Some of these apps boast a bevy of features, implying that more features mean a better, more accurate tool. This is not always the case. Often, these features are not only superfluous but may even damage reliability.

It is, of course, also true that calculators that are too simplistic in their design may be likely to produce unrealistic results. For instance, overlooking inflation, ignoring advisory fees and investment expenses, and failing to account for the possibility of negative returns all may render the output from many common calculators worthless to the user.
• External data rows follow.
lemma sum_le_card_powr_mult_sum_powr:
  fixes y :: "'a \<Rightarrow> real"
  assumes A: "finite A" and y: "\<And>i. i \<in> A \<Longrightarrow> 0 \<le> y i" and p: "1 \<le> p"
  shows "sum y A \<le> real (card A) powr (1 - 1/p) * (\<Sum>i\<in>A. y i powr p) powr (1/p)"
proof -
  define P where "P = {i\<in>A. y i \<noteq> 0}"
  have P: "finite P" "P \<subseteq> A" using A by (auto simp: P_def)
  have sum_P: "sum y A = sum y P" "(\<Sum>i\<in>A. y i powr p) = (\<Sum>i\<in>P. y i powr p)"
    by (rule sum.mono_neutral_right; use A in \<open>auto simp: P_def\<close>)+
  show ?thesis
  proof (cases "P = {}")
    case False
    have "sum y P \<le> real (card P) powr (1 - 1/p) * (\<Sum>i\<in>P. y i powr p) powr (1/p)"
      by (rule power_mean_le_pos[OF P(1) False _ p]) (use y P in \<open>force simp: P_def\<close>)
    also have "\<dots> \<le> real (card A) powr (1 - 1/p) * (\<Sum>i\<in>P. y i powr p) powr (1/p)"
      using p card_mono[OF A P(2)] False P(1)
      by (intro mult_right_mono powr_mono2) (auto simp: card_gt_0_iff)
    finally show ?thesis by (simp add: sum_P)
  qed (simp add: sum_P)
qed

lemma abs_sum_mult_le:
  fixes f g :: "'a \<Rightarrow> real"
  assumes "\<And>i. i \<in> A \<Longrightarrow> \<bar>f i\<bar> \<le> X" "0 \<le> X"
  shows "\<bar>\<Sum>i\<in>A. f i * g i\<bar> \<le> X * (\<Sum>i\<in>A. \<bar>g i\<bar>)"
proof -
  have "\<bar>\<Sum>i\<in>A. f i * g i\<bar> \<le> (\<Sum>i\<in>A. \<bar>f i\<bar> * \<bar>g i\<bar>)"
    by (rule order_trans[OF sum_abs]) (simp add: abs_mult)
  also have "\<dots> \<le> (\<Sum>i\<in>A. X * \<bar>g i\<bar>)"
    by (rule sum_mono, rule mult_right_mono) (use assms in auto)
  finally show ?thesis by (simp add: sum_distrib_left)
qed

lemma card_le_of_column_lower_bound:
  fixes A :: "nat \<Rightarrow> nat \<Rightarrow> real"
  assumes p: "1 \<le> p" and lam: "0 < lam"
    and col: "\<And>j. j < n \<Longrightarrow> lam \<le> C * (\<Sum>i<m. \<bar>A i j\<bar>)"
    and rows: "(\<Sum>i<m. (\<Sum>j<n. \<bar>A i j\<bar> powr p) powr (1/p)) \<le> R"
  shows "real n \<le> (C * R / lam) powr p"
proof (cases "n = 0")
  case False
  have "0 \<le> (\<Sum>i<m. \<bar>A i 0\<bar>)" by (simp add: sum_nonneg)
  then have C: "0 < C"
    using col[of 0] False lam by (metis gr0I less_le_trans mult_nonpos_nonneg not_le)
  have "lam * real n = (\<Sum>j<n. lam)" by simp
  also have "\<dots> \<le> (\<Sum>j<n. C * (\<Sum>i<m. \<bar>A i j\<bar>))" by (rule sum_mono) (use col in auto)
  also have "\<dots> = C * (\<Sum>i<m. \<Sum>j<n. \<bar>A i j\<bar>)"
    by (simp add: sum_distrib_left sum.swap[of _ "{..<n}"])
  also have "\<dots> \<le> C * (\<Sum>i<m. real n powr (1 - 1/p) * (\<Sum>j<n. \<bar>A i j\<bar> powr p) powr (1/p))"
    using sum_le_card_powr_mult_sum_powr[OF _ _ p, of "{..<n}"] C
    by (intro mult_left_mono[OF sum_mono]) auto
  also have "\<dots> = C * real n powr (1 - 1/p) * (\<Sum>i<m. (\<Sum>j<n. \<bar>A i j\<bar> powr p) powr (1/p))"
    by (simp add: sum_distrib_left mult.assoc)
  also have "\<dots> \<le> C * real n powr (1 - 1/p) * R"
    using C by (intro mult_left_mono[OF rows]) simp
  also have "\<dots> = C * R / real n powr (1/p) * real n"
    using False by (simp add: powr_diff)
  finally have "real n powr (1/p) \<le> C * R / lam"
    using False lam by (simp add: field_simps)
  then have "(real n powr (1/p)) powr p \<le> (C * R / lam) powr p"
    using p by (intro powr_mono2) auto
  then show ?thesis using p False by (simp add: powr_powr)
qed simp

lemma stationary_average_le:
  fixes g :: "'a \<Rightarrow> real"
  assumes D: "finite D" "D \<noteq> {}" and stationary: "(\<Sum>q\<in>D. g q) / real (card D) + lam * \<rho> = 0"
    and \<rho>: "0 < \<rho>" and g: "\<And>q. q \<in> D \<Longrightarrow> \<bar>g q\<bar> \<le> A * \<rho>"
  shows "lam \<le> A"
proof -
  have card: "0 < real (card D)" using D by (simp add: card_gt_0_iff)
  have "lam * \<rho> = - (\<Sum>q\<in>D. g q) / real (card D)" using stationary by simp
  also have "\<dots> \<le> (\<Sum>q\<in>D. \<bar>g q\<bar>) / real (card D)"
    using card by (intro divide_right_mono) (auto intro: order_trans[OF abs_ge_minus_self sum_abs])
  also have "\<dots> \<le> (\<Sum>q\<in>D. A * \<rho>) / real (card D)"
    using card g by (intro divide_right_mono sum_mono) auto
  also have "\<dots> = A * \<rho>" using card by simp
  finally show ?thesis using \<rho> by simp
qed

lemma vec_lambda_has_derivative:
  fixes g :: "'o::finite \<Rightarrow> real \<Rightarrow> real"
  assumes "\<And>k. (g k has_real_derivative u k) (at s)"
  shows "((\<lambda>t. \<chi> k. g k t) has_derivative (\<lambda>h. h *\<^sub>R (\<chi> k. u k))) (at s)"
proof -
  have "((\<lambda>t. (\<chi> k. g k t) \<bullet> axis i 1) has_derivative (\<lambda>h. h *\<^sub>R (\<chi> k. u k) \<bullet> axis i 1)) (at s)"
    for i
    using assms[of i] by (simp add: inner_axis has_field_derivative_def mult_commute_abs)
  then show ?thesis
    by (subst has_derivative_componentwise_within) (auto simp: Basis_vec_def)
qed

lemma comp_vec_curve_has_derivative_bound:
  fixes g :: "'o::finite \<Rightarrow> real \<Rightarrow> real" and f :: "real^'o \<Rightarrow> real"
  assumes g: "\<And>k. (g k has_real_derivative u k) (at s)" and u: "\<And>k. \<bar>u k\<bar> \<le> U"
    and f: "f differentiable (at (\<chi> k. g k s))"
    and partial: "\<And>k. \<bar>frechet_derivative f (at (\<chi> k. g k s)) (axis k 1)\<bar> \<le> c"
  shows "\<exists>D'. ((\<lambda>t. f (\<chi> k. g k t)) has_real_derivative D') (at s)
              \<and> \<bar>D'\<bar> \<le> real CARD('o) * c * U"
proof (intro exI conjI)
  define F where "F = frechet_derivative f (at (\<chi> k. g k s))"
  define V :: "real^'o" where "V = (\<chi> k. u k)"
  have lin: "linear F" using f by (simp add: F_def linear_frechet_derivative)
  have "(f \<circ> (\<lambda>t. \<chi> k. g k t) has_derivative F \<circ> (\<lambda>h. h *\<^sub>R V)) (at s)"
    using vec_lambda_has_derivative[OF g] f
    by (intro diff_chain_at) (simp_all add: V_def F_def frechet_derivative_works)
  moreover have "F \<circ> (\<lambda>h. h *\<^sub>R V) = (*) (F V)"
    using lin by (auto simp: linear_scale mult.commute)
  ultimately show "((\<lambda>t. f (\<chi> k. g k t)) has_real_derivative F V) (at s)"
    by (simp add: has_field_derivative_def o_def)
  have "F V = F (\<Sum>k\<in>UNIV. u k *\<^sub>R axis k 1)"
    using basis_expansion[of V] by (simp add: V_def scalar_mult_eq_scaleR)
  also have "\<dots> = (\<Sum>k\<in>UNIV. u k * F (axis k 1))"
    using lin by (simp add: linear_sum linear_scale)
  also have "\<bar>\<dots>\<bar> \<le> U * (\<Sum>k\<in>UNIV. \<bar>F (axis k 1)\<bar>)"
    using u order_trans[OF abs_ge_zero u] by (intro abs_sum_mult_le) auto
  also have "\<dots> \<le> U * (\<Sum>k\<in>(UNIV::'o set). c)"
    using partial order_trans[OF abs_ge_zero u] by (intro mult_left_mono sum_mono) (auto simp: F_def)
  finally show "\<bar>F V\<bar> \<le> real CARD('o) * c * U" by (simp add: mult.commute)
qed

definition perturb :: "weights \<Rightarrow> real \<Rightarrow> weights \<Rightarrow> weights" where
  "perturb W t V = (\<lambda>l i j. W l i j + t * V l i j)"

definition fan_out_dir :: "weights \<Rightarrow> nat \<Rightarrow> nat \<Rightarrow> weights" where
  "fan_out_dir W l j = (\<lambda>m i k. if m = Suc l \<and> i = j then W m i k else 0)"

lemma perturb_0 [simp]: "perturb W 0 V = W"
  by (simp add: perturb_def)

lemma abs_le_row_pnorm:
  assumes "valid_weights L d W" and "1 \<le> p"
  shows "\<bar>W m i k\<bar> \<le> row_pnorm p d W m i"
proof (cases "W m i k = 0")
  case False
  then have k: "k < d m" using assms(1) by (auto simp: valid_weights_def)
  have "\<bar>W m i k\<bar> = (\<bar>W m i k\<bar> powr p) powr (1/p)" using assms(2) by (simp add: powr_powr)
  also have "\<dots> \<le> row_pnorm p d W m i" unfolding row_pnorm_def
    by (intro powr_mono2 member_le_sum) (use assms(2) k in auto)
  finally show ?thesis .
qed (simp add: row_pnorm_def)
However, at a certain point, additional complexity may become the enemy of reliability. To the extent that certain inputs in the retirement software may cause the user to make flawed assumptions, output reliability may again suffer. The following are four input features that are commonly regarded as desirable, but which may actually lead to “garbage in, garbage out” analysis.

1. Tax effects

On the surface, accounting for the impact of income taxes in portfolio spending calculations seems like a fairly basic and important input consideration. The problem is that many users, including financial advisors, overestimate this number, most commonly by simply entering the client’s marginal tax rate. While this factor may be accurate if 100% of the withdrawals are coming from qualified accounts, such as pretax employer 401(k)s or traditional IRAs, financial planning best practices in retirement spending dictate balancing withdrawals from after-tax savings, tax-free Roth accounts and other retirement accounts so as to minimize the client’s overall tax liability. (See Vanguard’s publication, Spending from a Portfolio: Implications of Withdrawal Order for Taxable Investors.)

Through careful planning, it may be possible for many retirees to pay little or no tax on their nest-egg withdrawals throughout much of their retirement. Because of the propensity for user error, tax calculations are a factor that may be best left off the calculator feature list.

Users who wish to account for the impact of taxes and who can accurately estimate their tax liability may instead include this figure in their spending needs along with other living expenses, such as food, clothing, housing, travel, insurance and property taxes.

2. Budgeting

Incorporating a budgeting feature into a retirement planning calculator is a fast track to killing the user experience. Most families have no idea what their itemized living expenses are each year, and forcing them to estimate them in the input section of a retirement calculator creates complexity and the potential for inaccurate guesses. Simply put, budgeting should be an entirely separate exercise.